グ:もうアリスがバラしちゃってるから言っていいと思うけど、オーディション的なかたちだったんです。そんなにたくさんではなくて10人にもお会いしていないですけど、ちょっと演技をしていただいて、ホンを読んでの感想なりを聞いて。そのとき彼女は、まあ当たり前でしょうけど、ああいうお話は初めて読んだと(笑)。ただ、自分では見たことないけど情報としては子どもの虐待とかそういう話は聞いていてリアリティは感じると。それに対しての疑問だったり納得いかないところは自分にもあって、ちょっとでも自分になにかできることがあるんじゃないかと思っていると話していたんです。ぼくなんかよりよっぽど大人ですよね(笑)。それで、自分ができることであればやってみたいとおっしゃっていただいたのと、演技の出方というか、それがしわすにぴったりだと思ったんです。当然、ぼくの考えるしわすと、彼女の考えるしわすって少しずれていると思うんです。メチャクチャずれてはいないんですよ。わりと近いところでずれていて、そこがぼくからするとすごくやりやすかったというか、ずれが面白いんです。ただ、あんまりずれると今度はケンカになっちゃうんで(笑)、その距離感というのはたぶん彼女本人がはかられていたと思います。

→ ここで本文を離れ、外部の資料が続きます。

(* Let $G$ be a tree with $n\ge k\ge 1$ vertices and let $\mathcal C_0,\dots,\mathcal C_l$ be an optimal (minimum-length) spanning restricted transition walk with $k$ agents, so $l=h^r_k(G)$. Let $y$ be the vertex of $G$ that is encountered last, i.e. the unique vertex of $\mathcal C_j\setminus\mathcal C_{j-1}$ for the largest $j$ at which a vertex not occurring in $\mathcal C_0,\dots,\mathcal C_{j-1}$ appears, and let $x$ be a vertex of $\mathcal C_0$ farthest (in $G$) from $y$. Let $P_{xy}$ be the path of $G$ between $x$ and $y$. Then $l \ge (n-k)+\sum_{e\in E} d^k_{P_{xy}}(e)$.
   Context: All graphs are finite, simple, undirected. A configuration of $k$ agents is a $k$-tuple of pairwise distinct vertices of $G$ whose induced subgraph is connected (identified with its vertex set when convenient). Configurations $(v_1,\dots,v_k)$, $(v'_1,\dots,v'_k)$ are adjacent if for every $i$ either $v_i=v'_i$ or $(v_i,v'_i)\in E$. A restricted transition walk is a sequence of configurations $\mathcal C_0,\dots,\mathcal C_l$ such that consecutive configurations are adjacent and $\mathcal C_{t+1}$ contains exactly one vertex not in $\mathcal C_t$ (a $1$-transition edge); it is spanning if every vertex lies in some $\mathcal C_t$. $h^r_k(G)$ is the minimum length of a spanning restricted transition walk. For a tree $G$, a path $P$ in $G$ and $k\ge1$, define $d^k_P(e)\in\{0,1\}$ for every edge $e$: $d^k_P(e)=0$ if $e$ lies on $P$; otherwise write $e=(u,v)$ with $u$ closer to $P$ than $v$, let $T_P(e)$ be the component of $G-e$ containing $v$, rooted at $v$, and set $d^k_P(e)=1$ if $T_P(e)$ has height at least $k-1$ (equivalently, some vertex $z$ of $T_P(e)$ has distance at least $k$ from $u$), and $d^k_P(e)=0$ otherwise. *)

theory Defs
  imports Main
begin

definition gpath :: "'a set \<Rightarrow> 'a set set \<Rightarrow> 'a \<Rightarrow> 'a \<Rightarrow> 'a list \<Rightarrow> bool" where
  "gpath V E u v p \<longleftrightarrow> p \<noteq> [] \<and> hd p = u \<and> last p = v \<and> set p \<subseteq> V \<and> distinct p
     \<and> (\<forall>i. Suc i < length p \<longrightarrow> {p ! i, p ! Suc i} \<in> E)"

―― 監督からご覧になって、広瀬さんはしわすというキャラクターをどう作られていったように見えていましたか?

グ:しわすというのは、さっきおっしゃったように、自分はなにも間違ったことはしていないのにお母さんは出ていくし就職はできない、それに対するモヤモヤはあって、うまくいかないのはなにが問題なのかというのを、ちょっと開き直っている子ですよね。それは彼女は理解してくれていたので、芯に持っている正義感みたいなものを真剣に考えられていたんじゃないんですかね。ガサツなのと正義感というのは同居するんだということをよく作ったと思います。態度とかはガサツなんだけど正義感というものを持っていられる演技というのを、一生懸命に研究というか、やっていたような気がします。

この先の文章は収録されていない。